HOW TO COMPLETE THIS TASK ▸ What you write should be an exact copy of the material, from its first line through the line containing "(\<forall>k\<le>t. \<sigma> k".

SUPPLIED RECORDS ▸
⟨

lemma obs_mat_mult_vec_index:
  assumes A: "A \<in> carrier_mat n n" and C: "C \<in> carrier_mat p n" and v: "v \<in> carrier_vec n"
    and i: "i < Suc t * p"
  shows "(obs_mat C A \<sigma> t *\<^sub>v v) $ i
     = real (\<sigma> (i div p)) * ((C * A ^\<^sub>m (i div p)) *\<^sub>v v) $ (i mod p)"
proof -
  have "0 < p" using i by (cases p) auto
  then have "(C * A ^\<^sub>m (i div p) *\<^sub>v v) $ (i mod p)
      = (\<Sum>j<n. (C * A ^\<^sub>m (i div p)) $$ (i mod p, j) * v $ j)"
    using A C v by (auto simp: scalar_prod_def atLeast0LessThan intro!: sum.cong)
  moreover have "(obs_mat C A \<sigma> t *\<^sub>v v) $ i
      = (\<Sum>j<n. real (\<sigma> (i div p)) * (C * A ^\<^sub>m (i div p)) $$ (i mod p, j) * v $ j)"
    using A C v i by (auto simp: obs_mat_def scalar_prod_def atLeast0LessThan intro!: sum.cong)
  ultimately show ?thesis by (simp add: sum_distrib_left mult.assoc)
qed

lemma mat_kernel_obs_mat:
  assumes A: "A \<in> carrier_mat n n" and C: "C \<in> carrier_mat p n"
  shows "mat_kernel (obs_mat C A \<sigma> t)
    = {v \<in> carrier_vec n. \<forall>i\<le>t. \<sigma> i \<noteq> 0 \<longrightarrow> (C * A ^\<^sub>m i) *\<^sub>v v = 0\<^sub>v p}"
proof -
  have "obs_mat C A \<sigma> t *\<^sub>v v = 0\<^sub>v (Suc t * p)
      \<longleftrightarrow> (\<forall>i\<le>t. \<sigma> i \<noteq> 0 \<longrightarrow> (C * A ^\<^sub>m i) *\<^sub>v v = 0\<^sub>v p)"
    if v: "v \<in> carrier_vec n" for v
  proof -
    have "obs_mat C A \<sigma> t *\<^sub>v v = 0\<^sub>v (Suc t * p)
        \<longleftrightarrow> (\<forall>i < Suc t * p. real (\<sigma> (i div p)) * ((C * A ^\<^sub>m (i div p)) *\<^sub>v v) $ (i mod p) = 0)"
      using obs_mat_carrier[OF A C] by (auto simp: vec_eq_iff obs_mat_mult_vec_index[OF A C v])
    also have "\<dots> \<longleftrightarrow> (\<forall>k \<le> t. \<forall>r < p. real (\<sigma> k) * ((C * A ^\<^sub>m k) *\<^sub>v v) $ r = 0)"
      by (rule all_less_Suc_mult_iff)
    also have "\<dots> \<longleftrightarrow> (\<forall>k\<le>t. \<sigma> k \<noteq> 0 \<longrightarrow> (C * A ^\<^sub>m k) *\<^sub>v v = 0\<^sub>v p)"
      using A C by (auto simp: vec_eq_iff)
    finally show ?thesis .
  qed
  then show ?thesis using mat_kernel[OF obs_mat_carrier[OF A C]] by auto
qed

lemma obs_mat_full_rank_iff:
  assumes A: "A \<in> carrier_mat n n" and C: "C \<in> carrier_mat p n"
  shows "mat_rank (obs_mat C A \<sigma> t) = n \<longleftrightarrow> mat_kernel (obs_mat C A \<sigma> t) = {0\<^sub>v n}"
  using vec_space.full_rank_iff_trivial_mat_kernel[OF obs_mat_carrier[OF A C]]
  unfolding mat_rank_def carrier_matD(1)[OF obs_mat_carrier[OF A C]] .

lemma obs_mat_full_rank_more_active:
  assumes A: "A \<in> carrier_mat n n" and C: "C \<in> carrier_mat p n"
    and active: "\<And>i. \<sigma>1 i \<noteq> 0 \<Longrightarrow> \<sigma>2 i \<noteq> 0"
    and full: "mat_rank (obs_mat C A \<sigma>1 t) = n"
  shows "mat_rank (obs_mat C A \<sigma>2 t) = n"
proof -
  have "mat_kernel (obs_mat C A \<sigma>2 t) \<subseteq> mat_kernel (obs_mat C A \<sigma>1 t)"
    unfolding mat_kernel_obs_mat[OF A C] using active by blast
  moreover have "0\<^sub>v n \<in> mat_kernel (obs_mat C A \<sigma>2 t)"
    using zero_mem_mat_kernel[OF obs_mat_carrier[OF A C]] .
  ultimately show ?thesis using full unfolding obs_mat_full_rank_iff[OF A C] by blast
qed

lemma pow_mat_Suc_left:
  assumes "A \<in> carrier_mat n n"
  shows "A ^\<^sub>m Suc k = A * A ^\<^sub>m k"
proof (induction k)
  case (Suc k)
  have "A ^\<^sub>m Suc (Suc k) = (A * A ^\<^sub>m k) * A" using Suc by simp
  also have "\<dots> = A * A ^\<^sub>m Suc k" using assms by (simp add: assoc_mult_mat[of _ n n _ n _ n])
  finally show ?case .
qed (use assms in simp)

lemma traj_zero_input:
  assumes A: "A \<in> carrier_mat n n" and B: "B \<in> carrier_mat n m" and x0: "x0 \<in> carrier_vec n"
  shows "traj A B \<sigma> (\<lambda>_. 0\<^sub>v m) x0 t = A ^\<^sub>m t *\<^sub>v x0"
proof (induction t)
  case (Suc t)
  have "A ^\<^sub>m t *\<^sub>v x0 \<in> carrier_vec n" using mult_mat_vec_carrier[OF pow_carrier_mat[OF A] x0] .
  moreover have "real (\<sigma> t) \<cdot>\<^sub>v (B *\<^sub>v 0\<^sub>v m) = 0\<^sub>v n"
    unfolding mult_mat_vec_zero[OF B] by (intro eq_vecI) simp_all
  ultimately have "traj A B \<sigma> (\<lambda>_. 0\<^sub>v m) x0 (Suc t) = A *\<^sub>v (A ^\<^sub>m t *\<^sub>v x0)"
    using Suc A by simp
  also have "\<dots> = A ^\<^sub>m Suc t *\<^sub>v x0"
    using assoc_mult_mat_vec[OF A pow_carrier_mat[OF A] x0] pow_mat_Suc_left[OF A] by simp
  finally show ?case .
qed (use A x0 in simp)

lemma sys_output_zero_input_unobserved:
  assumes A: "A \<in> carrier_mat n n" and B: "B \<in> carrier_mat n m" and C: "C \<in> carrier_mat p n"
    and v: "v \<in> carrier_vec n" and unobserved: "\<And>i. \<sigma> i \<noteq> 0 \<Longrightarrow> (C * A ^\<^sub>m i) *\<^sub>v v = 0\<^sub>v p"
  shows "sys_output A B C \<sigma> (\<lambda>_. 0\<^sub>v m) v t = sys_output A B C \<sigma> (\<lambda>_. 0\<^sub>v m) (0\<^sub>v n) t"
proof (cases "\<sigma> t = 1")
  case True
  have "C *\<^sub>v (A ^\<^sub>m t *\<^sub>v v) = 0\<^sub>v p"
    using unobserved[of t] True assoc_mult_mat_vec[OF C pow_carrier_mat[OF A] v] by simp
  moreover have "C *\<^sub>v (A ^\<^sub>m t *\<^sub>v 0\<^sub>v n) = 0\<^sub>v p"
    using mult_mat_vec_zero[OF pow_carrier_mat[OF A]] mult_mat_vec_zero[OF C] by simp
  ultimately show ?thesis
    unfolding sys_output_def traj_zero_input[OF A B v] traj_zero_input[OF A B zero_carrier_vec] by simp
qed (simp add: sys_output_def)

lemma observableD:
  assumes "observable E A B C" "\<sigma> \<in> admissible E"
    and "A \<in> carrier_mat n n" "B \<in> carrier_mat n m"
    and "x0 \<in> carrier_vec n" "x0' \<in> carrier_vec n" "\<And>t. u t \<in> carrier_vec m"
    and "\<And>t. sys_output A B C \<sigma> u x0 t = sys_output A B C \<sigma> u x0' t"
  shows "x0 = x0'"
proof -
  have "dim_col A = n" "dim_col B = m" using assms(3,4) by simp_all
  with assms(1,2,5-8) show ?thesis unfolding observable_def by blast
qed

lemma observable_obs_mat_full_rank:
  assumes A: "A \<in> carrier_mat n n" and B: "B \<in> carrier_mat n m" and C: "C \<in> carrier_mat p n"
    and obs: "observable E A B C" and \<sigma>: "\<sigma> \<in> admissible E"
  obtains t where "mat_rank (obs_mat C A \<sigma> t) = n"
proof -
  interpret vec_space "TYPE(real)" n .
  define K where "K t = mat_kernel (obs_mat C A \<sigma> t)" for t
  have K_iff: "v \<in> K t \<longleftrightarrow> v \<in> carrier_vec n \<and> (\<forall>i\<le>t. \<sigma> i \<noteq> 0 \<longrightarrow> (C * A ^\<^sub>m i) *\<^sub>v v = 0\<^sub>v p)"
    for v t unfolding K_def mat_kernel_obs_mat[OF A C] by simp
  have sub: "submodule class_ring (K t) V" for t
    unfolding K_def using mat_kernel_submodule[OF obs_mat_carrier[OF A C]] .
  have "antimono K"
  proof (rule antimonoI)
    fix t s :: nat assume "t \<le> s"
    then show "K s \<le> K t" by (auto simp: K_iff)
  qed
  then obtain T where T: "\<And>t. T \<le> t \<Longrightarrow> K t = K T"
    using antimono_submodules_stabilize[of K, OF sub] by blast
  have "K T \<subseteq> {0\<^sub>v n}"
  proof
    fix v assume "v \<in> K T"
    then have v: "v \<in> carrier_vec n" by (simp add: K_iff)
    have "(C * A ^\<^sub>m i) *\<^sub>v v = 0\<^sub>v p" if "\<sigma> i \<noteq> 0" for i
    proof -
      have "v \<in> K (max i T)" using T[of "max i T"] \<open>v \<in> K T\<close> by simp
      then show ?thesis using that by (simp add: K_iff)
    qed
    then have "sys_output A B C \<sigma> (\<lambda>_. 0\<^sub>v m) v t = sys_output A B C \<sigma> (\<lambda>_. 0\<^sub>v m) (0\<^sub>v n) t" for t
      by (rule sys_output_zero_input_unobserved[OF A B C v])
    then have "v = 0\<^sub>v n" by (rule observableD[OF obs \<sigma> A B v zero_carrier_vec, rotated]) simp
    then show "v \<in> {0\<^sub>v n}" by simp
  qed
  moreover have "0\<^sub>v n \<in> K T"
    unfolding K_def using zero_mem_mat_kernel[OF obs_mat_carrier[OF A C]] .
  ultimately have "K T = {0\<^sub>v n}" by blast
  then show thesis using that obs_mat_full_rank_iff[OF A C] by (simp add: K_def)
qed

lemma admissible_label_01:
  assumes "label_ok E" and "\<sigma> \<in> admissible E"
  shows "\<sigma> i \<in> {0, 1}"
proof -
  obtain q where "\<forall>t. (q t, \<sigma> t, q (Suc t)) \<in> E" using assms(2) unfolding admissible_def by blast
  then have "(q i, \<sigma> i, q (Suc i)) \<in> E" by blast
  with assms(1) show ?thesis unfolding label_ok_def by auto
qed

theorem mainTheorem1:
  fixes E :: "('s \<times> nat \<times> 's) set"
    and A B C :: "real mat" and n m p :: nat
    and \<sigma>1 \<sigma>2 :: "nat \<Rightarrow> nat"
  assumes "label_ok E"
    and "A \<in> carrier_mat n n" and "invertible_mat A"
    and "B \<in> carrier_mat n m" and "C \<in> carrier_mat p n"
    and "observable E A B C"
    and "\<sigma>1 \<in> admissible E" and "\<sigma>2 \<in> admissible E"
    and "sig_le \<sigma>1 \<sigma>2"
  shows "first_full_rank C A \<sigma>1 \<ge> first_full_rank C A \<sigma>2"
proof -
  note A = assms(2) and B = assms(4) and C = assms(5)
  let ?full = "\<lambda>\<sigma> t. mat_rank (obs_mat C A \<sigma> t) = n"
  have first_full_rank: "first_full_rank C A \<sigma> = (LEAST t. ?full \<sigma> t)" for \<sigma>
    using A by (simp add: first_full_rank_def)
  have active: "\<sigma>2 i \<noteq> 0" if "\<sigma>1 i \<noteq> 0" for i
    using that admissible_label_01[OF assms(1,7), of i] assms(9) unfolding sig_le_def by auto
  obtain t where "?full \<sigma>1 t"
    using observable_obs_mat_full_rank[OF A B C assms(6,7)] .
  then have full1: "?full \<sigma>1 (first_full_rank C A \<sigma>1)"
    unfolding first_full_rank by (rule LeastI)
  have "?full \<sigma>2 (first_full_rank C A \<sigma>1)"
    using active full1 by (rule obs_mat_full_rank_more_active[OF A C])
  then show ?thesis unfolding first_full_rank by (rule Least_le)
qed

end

⟩

PROBLEM SOLUTION ▸
lemma obs_mat_mult_vec_index:
  assumes A: "A \<in> carrier_mat n n" and C: "C \<in> carrier_mat p n" and v: "v \<in> carrier_vec n"
    and i: "i < Suc t * p"
  shows "(obs_mat C A \<sigma> t *\<^sub>v v) $ i
     = real (\<sigma> (i div p)) * ((C * A ^\<^sub>m (i div p)) *\<^sub>v v) $ (i mod p)"
proof -
  have "0 < p" using i by (cases p) auto
  then have "(C * A ^\<^sub>m (i div p) *\<^sub>v v) $ (i mod p)
      = (\<Sum>j<n. (C * A ^\<^sub>m (i div p)) $$ (i mod p, j) * v $ j)"
    using A C v by (auto simp: scalar_prod_def atLeast0LessThan intro!: sum.cong)
  moreover have "(obs_mat C A \<sigma> t *\<^sub>v v) $ i
      = (\<Sum>j<n. real (\<sigma> (i div p)) * (C * A ^\<^sub>m (i div p)) $$ (i mod p, j) * v $ j)"
    using A C v i by (auto simp: obs_mat_def scalar_prod_def atLeast0LessThan intro!: sum.cong)
  ultimately show ?thesis by (simp add: sum_distrib_left mult.assoc)
qed

lemma mat_kernel_obs_mat:
  assumes A: "A \<in> carrier_mat n n" and C: "C \<in> carrier_mat p n"
  shows "mat_kernel (obs_mat C A \<sigma> t)
    = {v \<in> carrier_vec n. \<forall>i\<le>t. \<sigma> i \<noteq> 0 \<longrightarrow> (C * A ^\<^sub>m i) *\<^sub>v v = 0\<^sub>v p}"
proof -
  have "obs_mat C A \<sigma> t *\<^sub>v v = 0\<^sub>v (Suc t * p)
      \<longleftrightarrow> (\<forall>i\<le>t. \<sigma> i \<noteq> 0 \<longrightarrow> (C * A ^\<^sub>m i) *\<^sub>v v = 0\<^sub>v p)"
    if v: "v \<in> carrier_vec n" for v
  proof -
    have "obs_mat C A \<sigma> t *\<^sub>v v = 0\<^sub>v (Suc t * p)
        \<longleftrightarrow> (\<forall>i < Suc t * p. real (\<sigma> (i div p)) * ((C * A ^\<^sub>m (i div p)) *\<^sub>v v) $ (i mod p) = 0)"
      using obs_mat_carrier[OF A C] by (auto simp: vec_eq_iff obs_mat_mult_vec_index[OF A C v])
    also have "\<dots> \<longleftrightarrow> (\<forall>k \<le> t. \<forall>r < p. real (\<sigma> k) * ((C * A ^\<^sub>m k) *\<^sub>v v) $ r = 0)"
      by (rule all_less_Suc_mult_iff)
    also have "\<dots> \<longleftrightarrow> (\<forall>k\<le>t. \<sigma> k \<noteq> 0 \<longrightarrow> (C * A ^\<^sub>m k) *\<^sub>v v = 0\<^sub>v p)"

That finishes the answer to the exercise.